### Prompt
Scan the data beneath this task and copy each line that includes "shows".

### Source data

(* Let $f(x)=x^5+px^4+qx^3+rx^2+sx+t$ with real coefficients and let $D$, $L_1$, $L_2$, $D_2$ be as in the context. Suppose $D=0$, $L_1=0$ and $L_2\neq 0$. Then: (a) if $D_2>0$, $f$ has two distinct real double roots and one real simple root; (b) if $D_2<0$, $f$ has a pair of non-real complex conjugate double roots and one real simple root; (c) if $D_2=0$, $f$ has one triple root and two simple roots; in this case, if $L_2>0$ the triple root and both simple roots are real, and if $L_2<0$ the triple root is real and the two simple roots are non-real complex conjugates.
   Context: Let $\alpha_1,\dots,\alpha_5\in\mathbb{C}$ be the roots of $f$ listed with multiplicity. $D=\prod_{1\le i<j\le 5}(\alpha_i-\alpha_j)^2$ is the discriminant of $f$. $L_2=40qs-16p^2s-8rp^3+38rpq+3p^2q^2-12q^3-45r^2$. $L_1=-264ps^2r-12p^3tq^2+36r^3pq-124srpq^2+28srp^3q+260sptq-132p^2qrt+240pr^2t+234sqr^2+32p^4tr+48ptq^3-56sp^3t-80q^2rt+194qs^2p^2-600str-6q^3sp^2+2p^2q^2r^2-12sr^2p^2-54r^4+320s^3-8q^3r^2-8r^3p^3+250qt^2-176q^2s^2+24q^4s-36p^4s^2-100p^2t^2$. $D_2=24p^2q^4s-1100q^3rt+800p^3qst-1735p^2q^2rt-3p^2qr^2s+20pq^3rs-600p^2rst-1150pq^2st+5475pqr^2t-1380pqrs^2+1500qrst+6p^3qr^3+p^4q^2r^2-128p^6rt+660pq^4t-136p^5st-3p^4q^3s-236p^4qs^2+337p^2q^2s^2+48p^5q^2t-357p^3q^3t-12p^4r^2s-45pr^3s+60q^2r^2s-8p^2q^3r^2-500p^2qt^2-24pq^2r^3-1380p^3r^2t+408p^3rs^2-4p^5qrs+1028p^4qrt+11p^3q^2rs+36p^6s^2+100p^4t^2+9p^2r^4-48q^5s+16q^4r^2+160q^3s^2+625q^2t^2-3375r^3t+900r^2s^2$ (a positive multiple of the discriminant of the degree-2 remainder in the Sturm sequence of $f$). *)

theory Defs
  imports "HOL-Computational_Algebra.Polynomial" Complex_Main
begin

definition quintic :: "real \<Rightarrow> real \<Rightarrow> real \<Rightarrow> real \<Rightarrow> real \<Rightarrow> real poly" where
  "quintic p q r s t = [:t, s, r, q, p, 1:]"

definition quinticC :: "real \<Rightarrow> real \<Rightarrow> real \<Rightarrow> real \<Rightarrow> real \<Rightarrow> complex poly" where
  "quinticC p q r s t = map_poly complex_of_real (quintic p q r s t)"

definition quintic_disc :: "real \<Rightarrow> real \<Rightarrow> real \<Rightarrow> real \<Rightarrow> real \<Rightarrow> complex" where
  "quintic_disc p q r s t =
     (let \<alpha> = (SOME \<alpha> :: nat \<Rightarrow> complex.
                 quinticC p q r s t = (\<Prod>i<5. [:- \<alpha> i, 1:]))
      in \<Prod>i<5. \<Prod>j\<in>{i<..<5}. (\<alpha> i - \<alpha> j)^2)"

definition L2 :: "real \<Rightarrow> real \<Rightarrow> real \<Rightarrow> real \<Rightarrow> real \<Rightarrow> real" where
  "L2 p q r s t = 40*q*s-16*p^2*s-8*r*p^3+38*r*p*q+3*p^2*q^2-12*q^3-45*r^2"

definition L1 :: "real \<Rightarrow> real \<Rightarrow> real \<Rightarrow> real \<Rightarrow> real \<Rightarrow> real" where
  "L1 p q r s t = -264*p*s^2*r-12*p^3*t*q^2+36*r^3*p*q-124*s*r*p*q^2+28*s*r*p^3*q+260*s*p*t*q
    -132*p^2*q*r*t+240*p*r^2*t+234*s*q*r^2+32*p^4*t*r+48*p*t*q^3-56*s*p^3*t-80*q^2*r*t
    +194*q*s^2*p^2-600*s*t*r-6*q^3*s*p^2+2*p^2*q^2*r^2-12*s*r^2*p^2-54*r^4+320*s^3-8*q^3*r^2
    -8*r^3*p^3+250*q*t^2-176*q^2*s^2+24*q^4*s-36*p^4*s^2-100*p^2*t^2"
text \<open>The jacobiator is linear in its last argument and invariant under rotation, so basis vectors
  can be substituted for the arguments one at a time.\<close>

lemma jacobiator_eq_zero_from_basis:
  assumes basis: "\<And>a p q. jacobiator L (basis_vec a) (basis_vec p) (basis_vec q) = (\<lambda>_. 0 :: 'r::comm_ring_1)"
    and fin: "finite {x. u x \<noteq> 0}" "finite {x. v x \<noteq> 0}" "finite {x. w x \<noteq> 0}"
  shows "jacobiator L u v w = (\<lambda>_. 0 :: 'r)"
proof -
  have extend: "jacobiator L u' v' w' = (\<lambda>_. 0 :: 'r)"
    if "finite {x. u' x \<noteq> 0}" "finite {x. v' x \<noteq> 0}" "finite {x. w' x \<noteq> 0}"
      and "\<And>q. jacobiator L u' v' (basis_vec q) = (\<lambda>_. 0)" for u' v' w'
    using jacobiator_expand[OF that(1-3), where L = L] that(4) by simp
  note bv = finite_support_basis_vec
  have zero_bv_bv_w: "jacobiator L (basis_vec a) (basis_vec p) w = (\<lambda>_. 0)" for a p
    by (rule extend) (simp_all add: bv fin basis)
  have zero_w_bv_v: "jacobiator L w (basis_vec a) v = (\<lambda>_. 0)" for a
  proof (rule extend)
    show "jacobiator L w (basis_vec a) (basis_vec q) = (\<lambda>_. 0)" for q
      using zero_bv_bv_w jacobiator_rotate[of L "basis_vec a" "basis_vec q" w] by simp
  qed (simp_all add: bv fin)
  have "jacobiator L v w u = (\<lambda>_. 0)"
  proof (rule extend)
    show "jacobiator L v w (basis_vec q) = (\<lambda>_. 0)" for q
      using zero_w_bv_v jacobiator_rotate[of L w "basis_vec q" v] by simp
  qed (simp_all add: fin)
  then show ?thesis using jacobiator_rotate[of L v w u] by simp
qed

lemma matsuo_mult_leibniz_if_jacobiator:
  assumes two: "(2::'r::comm_ring_1) = 0" and "jacobiator L u v w = (\<lambda>_. 0 :: 'r)"
  shows "matsuo_mult L u (matsuo_mult L v w)
    = (\<lambda>y. matsuo_mult L (matsuo_mult L u v) w y + matsuo_mult L v (matsuo_mult L u w) y)"
proof
  fix y
  have "matsuo_mult L u (matsuo_mult L v w) y
      + (matsuo_mult L v (matsuo_mult L w u) y + matsuo_mult L w (matsuo_mult L u v) y) = 0"
    using fun_cong[OF assms(2), of y] by (simp add: jacobiator_def add.assoc)
  then have "matsuo_mult L u (matsuo_mult L v w) y
      = matsuo_mult L v (matsuo_mult L w u) y + matsuo_mult L w (matsuo_mult L u v) y"
    using char_two_add_self[OF two] by (metis add_right_cancel)
  then show "matsuo_mult L u (matsuo_mult L v w) y
      = matsuo_mult L (matsuo_mult L u v) w y + matsuo_mult L v (matsuo_mult L u w) y"
    by (simp add: matsuo_mult_commute[of L w] add.commute)
qed

lemma jacobiator_basis_repeated:
  assumes two: "(2::'r::comm_ring_1) = 0"
  shows "jacobiator L (basis_vec a) (basis_vec p) (basis_vec p) = (\<lambda>_. 0 :: 'r)"
  unfolding jacobiator_def
  by (simp add: matsuo_mult_basis_vec basis_prod_not_collinear basis_prod_commute[of L p a]
      char_two_add_self[OF two])

lemma jacobiator_basis_no_pair:
  assumes "\<not> collinear L a p" "\<not> collinear L a q" "\<not> collinear L p q"
  shows "jacobiator L (basis_vec a) (basis_vec p) (basis_vec q) = (\<lambda>_. 0 :: 'r::comm_ring_1)"
  unfolding jacobiator_def
  using assms collinear_commute[of L q a]
  by (simp add: matsuo_mult_basis_vec basis_prod_not_collinear)

context symplectic_space
begin

lemma jacobiator_basis_one_pair:
  assumes ap: "collinear L a p" and aq: "\<not> collinear L a q" and pq: "\<not> collinear L p q"
    and "q \<noteq> a" "q \<noteq> p"
  shows "jacobiator L (basis_vec a) (basis_vec p) (basis_vec q) = (\<lambda>_. 0 :: 'r::comm_ring_1)"
proof -
  define r where "r = wedge L a p"
  have l: "{r, a, p} \<in> L" using collinear_line[OF ap] by (simp add: r_def insert_commute)
  have "q \<noteq> r" using aq line_collinear(2)[OF l] by auto
  then have q_off: "q \<notin> {r, a, p}" using assms(4,5) by simp
  have qr: "\<not> collinear L q r"
    using collinear_second_point[OF l q_off] aq pq collinear_commute[of L q a] collinear_commute[of L q p]
    by blast
  show ?thesis
    unfolding jacobiator_def
    using line_collinear[OF l] line_wedge[OF l] aq pq qr
    by (simp add: matsuo_basis_simps collinear_commute[of L q] collinear_commute[of L p a])
qed

lemma jacobiator_basis_two_pairs:
  assumes two: "(2::'r::comm_ring_1) = 0"
    and ap: "collinear L a p" and aq: "collinear L a q" and pq: "\<not> collinear L p q" and "p \<noteq> q"
  shows "jacobiator L (basis_vec a) (basis_vec p) (basis_vec q) = (\<lambda>_. 0 :: 'r)"
proof -
  define p' where "p' = wedge L a p"
  define q' where "q' = wedge L a q"
  have lp: "{a, p, p'} \<in> L" using collinear_line[OF ap] by (simp add: p'_def)
  have lq: "{a, q, q'} \<in> L" using collinear_line[OF aq] by (simp add: q'_def)
  have "q \<noteq> p'" using pq line_collinear(5)[OF lp] by auto
  then have "q \<notin> {a, p, p'}" using line_distinct[OF lq] \<open>p \<noteq> q\<close> by auto
  then have "{a, p, p'} \<noteq> {a, q, q'}" by auto
  from quadrilateral_completion[OF lp lq this] obtain s where
    "({p, q, s} \<in> L \<and> {p', q', s} \<in> L) \<or> ({p, q', s} \<in> L \<and> {p', q, s} \<in> L)" by blast
  then have l1: "{p, q', s} \<in> L" and l2: "{p', q, s} \<in> L" using line_collinear(1)[of p q s] pq by auto
  have qp: "\<not> collinear L q p" using pq collinear_commute by metis
  show ?thesis
    unfolding jacobiator_def
    using line_collinear[OF lp] line_wedge[OF lp] line_collinear[OF lq] line_wedge[OF lq]
      line_collinear[OF l1] line_wedge[OF l1] line_collinear[OF l2] line_wedge[OF l2] pq qp
    by (simp add: matsuo_basis_simps char_two_add_self[OF two] add_ac)
qed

### Solution for this exercise
  shows "jacobiator L u v w = (\<lambda>_. 0 :: 'r)"
  shows "matsuo_mult L u (matsuo_mult L v w)
  shows "jacobiator L (basis_vec a) (basis_vec p) (basis_vec p) = (\<lambda>_. 0 :: 'r)"
  shows "jacobiator L (basis_vec a) (basis_vec p) (basis_vec q) = (\<lambda>_. 0 :: 'r::comm_ring_1)"
  shows "jacobiator L (basis_vec a) (basis_vec p) (basis_vec q) = (\<lambda>_. 0 :: 'r::comm_ring_1)"
  shows "jacobiator L (basis_vec a) (basis_vec p) (basis_vec q) = (\<lambda>_. 0 :: 'r)"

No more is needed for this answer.